Segment Start: DATA PROVIDED
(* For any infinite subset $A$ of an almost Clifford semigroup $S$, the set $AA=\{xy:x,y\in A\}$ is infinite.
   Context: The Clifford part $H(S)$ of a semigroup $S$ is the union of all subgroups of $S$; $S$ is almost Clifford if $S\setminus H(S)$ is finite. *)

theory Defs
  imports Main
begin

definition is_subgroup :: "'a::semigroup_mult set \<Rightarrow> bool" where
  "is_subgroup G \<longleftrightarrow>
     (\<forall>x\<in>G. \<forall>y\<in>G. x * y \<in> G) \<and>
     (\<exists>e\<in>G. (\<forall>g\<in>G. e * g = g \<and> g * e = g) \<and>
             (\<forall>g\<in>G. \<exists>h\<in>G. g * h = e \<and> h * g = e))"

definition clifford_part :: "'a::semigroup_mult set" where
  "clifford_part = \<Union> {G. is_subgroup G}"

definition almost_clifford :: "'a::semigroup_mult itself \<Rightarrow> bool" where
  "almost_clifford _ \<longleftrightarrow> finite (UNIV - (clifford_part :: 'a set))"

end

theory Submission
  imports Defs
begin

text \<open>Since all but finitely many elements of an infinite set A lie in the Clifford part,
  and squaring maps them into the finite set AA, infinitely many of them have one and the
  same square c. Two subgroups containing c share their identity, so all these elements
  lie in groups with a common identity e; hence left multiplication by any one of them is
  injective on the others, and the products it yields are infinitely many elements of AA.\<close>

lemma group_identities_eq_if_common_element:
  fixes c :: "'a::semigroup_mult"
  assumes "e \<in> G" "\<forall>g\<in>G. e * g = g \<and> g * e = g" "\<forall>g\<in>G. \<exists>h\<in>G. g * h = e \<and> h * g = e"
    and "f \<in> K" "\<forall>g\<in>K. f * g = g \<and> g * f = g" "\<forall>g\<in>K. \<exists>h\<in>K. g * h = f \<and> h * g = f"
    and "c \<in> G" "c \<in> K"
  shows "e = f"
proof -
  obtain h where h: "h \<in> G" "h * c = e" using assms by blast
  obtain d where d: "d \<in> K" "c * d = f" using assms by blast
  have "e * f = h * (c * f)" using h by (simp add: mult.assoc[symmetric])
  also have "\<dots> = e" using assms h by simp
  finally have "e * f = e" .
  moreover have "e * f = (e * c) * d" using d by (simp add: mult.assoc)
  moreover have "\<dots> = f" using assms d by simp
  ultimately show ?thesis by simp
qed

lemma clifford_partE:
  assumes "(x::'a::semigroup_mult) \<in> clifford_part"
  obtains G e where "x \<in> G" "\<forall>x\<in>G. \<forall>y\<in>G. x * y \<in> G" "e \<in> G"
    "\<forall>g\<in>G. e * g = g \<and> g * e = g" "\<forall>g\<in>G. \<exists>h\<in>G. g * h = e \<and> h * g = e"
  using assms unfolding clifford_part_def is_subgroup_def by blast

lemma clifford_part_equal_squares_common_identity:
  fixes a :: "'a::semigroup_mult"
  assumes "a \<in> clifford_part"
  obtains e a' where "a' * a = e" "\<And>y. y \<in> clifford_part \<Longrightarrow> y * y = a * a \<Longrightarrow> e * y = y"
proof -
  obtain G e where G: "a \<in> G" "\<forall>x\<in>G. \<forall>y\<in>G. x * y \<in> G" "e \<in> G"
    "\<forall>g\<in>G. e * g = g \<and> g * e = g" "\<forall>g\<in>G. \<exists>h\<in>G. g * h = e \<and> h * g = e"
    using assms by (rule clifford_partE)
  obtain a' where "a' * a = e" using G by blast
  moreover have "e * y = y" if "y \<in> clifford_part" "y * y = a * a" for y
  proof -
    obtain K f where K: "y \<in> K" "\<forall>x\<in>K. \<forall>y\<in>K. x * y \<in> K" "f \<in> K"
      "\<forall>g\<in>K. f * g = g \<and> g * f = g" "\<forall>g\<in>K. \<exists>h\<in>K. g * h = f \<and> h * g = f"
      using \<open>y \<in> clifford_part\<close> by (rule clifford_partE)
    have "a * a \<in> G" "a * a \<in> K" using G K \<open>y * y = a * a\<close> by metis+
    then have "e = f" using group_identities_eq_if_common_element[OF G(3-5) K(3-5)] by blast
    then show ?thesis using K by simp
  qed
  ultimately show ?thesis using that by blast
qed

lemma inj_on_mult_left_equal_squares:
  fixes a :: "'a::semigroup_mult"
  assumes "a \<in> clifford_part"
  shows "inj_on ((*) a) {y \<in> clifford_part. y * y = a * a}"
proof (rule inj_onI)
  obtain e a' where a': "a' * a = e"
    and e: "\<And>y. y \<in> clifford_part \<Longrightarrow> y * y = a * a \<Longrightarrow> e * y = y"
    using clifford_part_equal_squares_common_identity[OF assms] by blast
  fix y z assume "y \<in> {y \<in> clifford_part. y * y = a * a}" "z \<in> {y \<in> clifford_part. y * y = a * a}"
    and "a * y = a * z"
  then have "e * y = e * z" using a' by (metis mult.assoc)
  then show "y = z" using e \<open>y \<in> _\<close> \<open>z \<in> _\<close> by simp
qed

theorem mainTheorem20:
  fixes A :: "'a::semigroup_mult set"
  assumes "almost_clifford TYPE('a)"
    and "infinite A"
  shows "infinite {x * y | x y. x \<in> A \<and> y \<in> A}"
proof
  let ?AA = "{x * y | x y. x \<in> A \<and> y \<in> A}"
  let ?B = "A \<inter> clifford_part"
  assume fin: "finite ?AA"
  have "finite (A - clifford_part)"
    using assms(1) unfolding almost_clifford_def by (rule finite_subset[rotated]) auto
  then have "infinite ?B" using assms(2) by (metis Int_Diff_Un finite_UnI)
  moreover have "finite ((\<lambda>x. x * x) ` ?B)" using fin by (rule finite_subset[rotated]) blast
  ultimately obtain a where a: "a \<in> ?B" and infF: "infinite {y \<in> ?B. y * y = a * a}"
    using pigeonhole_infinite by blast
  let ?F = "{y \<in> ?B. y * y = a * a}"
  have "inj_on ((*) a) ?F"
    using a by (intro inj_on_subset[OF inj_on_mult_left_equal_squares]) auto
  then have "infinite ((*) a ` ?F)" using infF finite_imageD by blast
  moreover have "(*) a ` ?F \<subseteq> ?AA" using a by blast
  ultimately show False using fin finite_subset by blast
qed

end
Segment End: DATA PROVIDED
- [PROMPT]
Every entry should be output again exactly as written.

- [ANSWER SPACE]
(* For any infinite subset $A$ of an almost Clifford semigroup $S$, the set $AA=\{xy:x,y\in A\}$ is infinite.
   Context: The Clifford part $H(S)$ of a semigroup $S$ is the union of all subgroups of $S$; $S$ is almost Clifford if $S\setminus H(S)$ is finite. *)

theory Defs
  imports Main
begin

definition is_subgroup :: "'a::semigroup_mult set \<Rightarrow> bool" where
  "is_subgroup G \<longleftrightarrow>
     (\<forall>x\<in>G. \<forall>y\<in>G. x * y \<in> G) \<and>
     (\<exists>e\<in>G. (\<forall>g\<in>G. e * g = g \<and> g * e = g) \<and>
             (\<forall>g\<in>G. \<exists>h\<in>G. g * h = e \<and> h * g = e))"

definition clifford_part :: "'a::semigroup_mult set" where
  "clifford_part = \<Union> {G. is_subgroup G}"

definition almost_clifford :: "'a::semigroup_mult itself \<Rightarrow> bool" where
  "almost_clifford _ \<longleftrightarrow> finite (UNIV - (clifford_part :: 'a set))"

end

theory Submission
  imports Defs
begin

text \<open>Since all but finitely many elements of an infinite set A lie in the Clifford part,
  and squaring maps them into the finite set AA, infinitely many of them have one and the
  same square c. Two subgroups containing c share their identity, so all these elements
  lie in groups with a common identity e; hence left multiplication by any one of them is
  injective on the others, and the products it yields are infinitely many elements of AA.\<close>

lemma group_identities_eq_if_common_element:
  fixes c :: "'a::semigroup_mult"
  assumes "e \<in> G" "\<forall>g\<in>G. e * g = g \<and> g * e = g" "\<forall>g\<in>G. \<exists>h\<in>G. g * h = e \<and> h * g = e"
    and "f \<in> K" "\<forall>g\<in>K. f * g = g \<and> g * f = g" "\<forall>g\<in>K. \<exists>h\<in>K. g * h = f \<and> h * g = f"
    and "c \<in> G" "c \<in> K"
  shows "e = f"
proof -
  obtain h where h: "h \<in> G" "h * c = e" using assms by blast
  obtain d where d: "d \<in> K" "c * d = f" using assms by blast
  have "e * f = h * (c * f)" using h by (simp add: mult.assoc[symmetric])
  also have "\<dots> = e" using assms h by simp
  finally have "e * f = e" .
  moreover have "e * f = (e * c) * d" using d by (simp add: mult.assoc)
  moreover have "\<dots> = f" using assms d by simp
  ultimately show ?thesis by simp
qed

lemma clifford_partE:
  assumes "(x::'a::semigroup_mult) \<in> clifford_part"
  obtains G e where "x \<in> G" "\<forall>x\<in>G. \<forall>y\<in>G. x * y \<in> G" "e \<in> G"
    "\<forall>g\<in>G. e * g = g \<and> g * e = g" "\<forall>g\<in>G. \<exists>h\<in>G. g * h = e \<and> h * g = e"
  using assms unfolding clifford_part_def is_subgroup_def by blast

lemma clifford_part_equal_squares_common_identity:
  fixes a :: "'a::semigroup_mult"
  assumes "a \<in> clifford_part"
  obtains e a' where "a' * a = e" "\<And>y. y \<in> clifford_part \<Longrightarrow> y * y = a * a \<Longrightarrow> e * y = y"
proof -
  obtain G e where G: "a \<in> G" "\<forall>x\<in>G. \<forall>y\<in>G. x * y \<in> G" "e \<in> G"
    "\<forall>g\<in>G. e * g = g \<and> g * e = g" "\<forall>g\<in>G. \<exists>h\<in>G. g * h = e \<and> h * g = e"
    using assms by (rule clifford_partE)
  obtain a' where "a' * a = e" using G by blast
  moreover have "e * y = y" if "y \<in> clifford_part" "y * y = a * a" for y
  proof -
    obtain K f where K: "y \<in> K" "\<forall>x\<in>K. \<forall>y\<in>K. x * y \<in> K" "f \<in> K"
      "\<forall>g\<in>K. f * g = g \<and> g * f = g" "\<forall>g\<in>K. \<exists>h\<in>K. g * h = f \<and> h * g = f"
      using \<open>y \<in> clifford_part\<close> by (rule clifford_partE)
    have "a * a \<in> G" "a * a \<in> K" using G K \<open>y * y = a * a\<close> by metis+
    then have "e = f" using group_identities_eq_if_common_element[OF G(3-5) K(3-5)] by blast
    then show ?thesis using K by simp
  qed
  ultimately show ?thesis using that by blast
qed

lemma inj_on_mult_left_equal_squares:
  fixes a :: "'a::semigroup_mult"
  assumes "a \<in> clifford_part"
  shows "inj_on ((*) a) {y \<in> clifford_part. y * y = a * a}"
proof (rule inj_onI)
  obtain e a' where a': "a' * a = e"
    and e: "\<And>y. y \<in> clifford_part \<Longrightarrow> y * y = a * a \<Longrightarrow> e * y = y"
    using clifford_part_equal_squares_common_identity[OF assms] by blast
  fix y z assume "y \<in> {y \<in> clifford_part. y * y = a * a}" "z \<in> {y \<in> clifford_part. y * y = a * a}"
    and "a * y = a * z"
  then have "e * y = e * z" using a' by (metis mult.assoc)
  then show "y = z" using e \<open>y \<in> _\<close> \<open>z \<in> _\<close> by simp
qed

theorem mainTheorem20:
  fixes A :: "'a::semigroup_mult set"
  assumes "almost_clifford TYPE('a)"
    and "infinite A"
  shows "infinite {x * y | x y. x \<in> A \<and> y \<in> A}"
proof
  let ?AA = "{x * y | x y. x \<in> A \<and> y \<in> A}"
  let ?B = "A \<inter> clifford_part"
  assume fin: "finite ?AA"
  have "finite (A - clifford_part)"
    using assms(1) unfolding almost_clifford_def by (rule finite_subset[rotated]) auto
  then have "infinite ?B" using assms(2) by (metis Int_Diff_Un finite_UnI)
  moreover have "finite ((\<lambda>x. x * x) ` ?B)" using fin by (rule finite_subset[rotated]) blast
  ultimately obtain a where a: "a \<in> ?B" and infF: "infinite {y \<in> ?B. y * y = a * a}"
    using pigeonhole_infinite by blast
  let ?F = "{y \<in> ?B. y * y = a * a}"
  have "inj_on ((*) a) ?F"
    using a by (intro inj_on_subset[OF inj_on_mult_left_equal_squares]) auto
  then have "infinite ((*) a ` ?F)" using infF finite_imageD by blast
  moreover have "(*) a ` ?F \<subseteq> ?AA" using a by blast
  ultimately show False using fin finite_subset by blast
qed

end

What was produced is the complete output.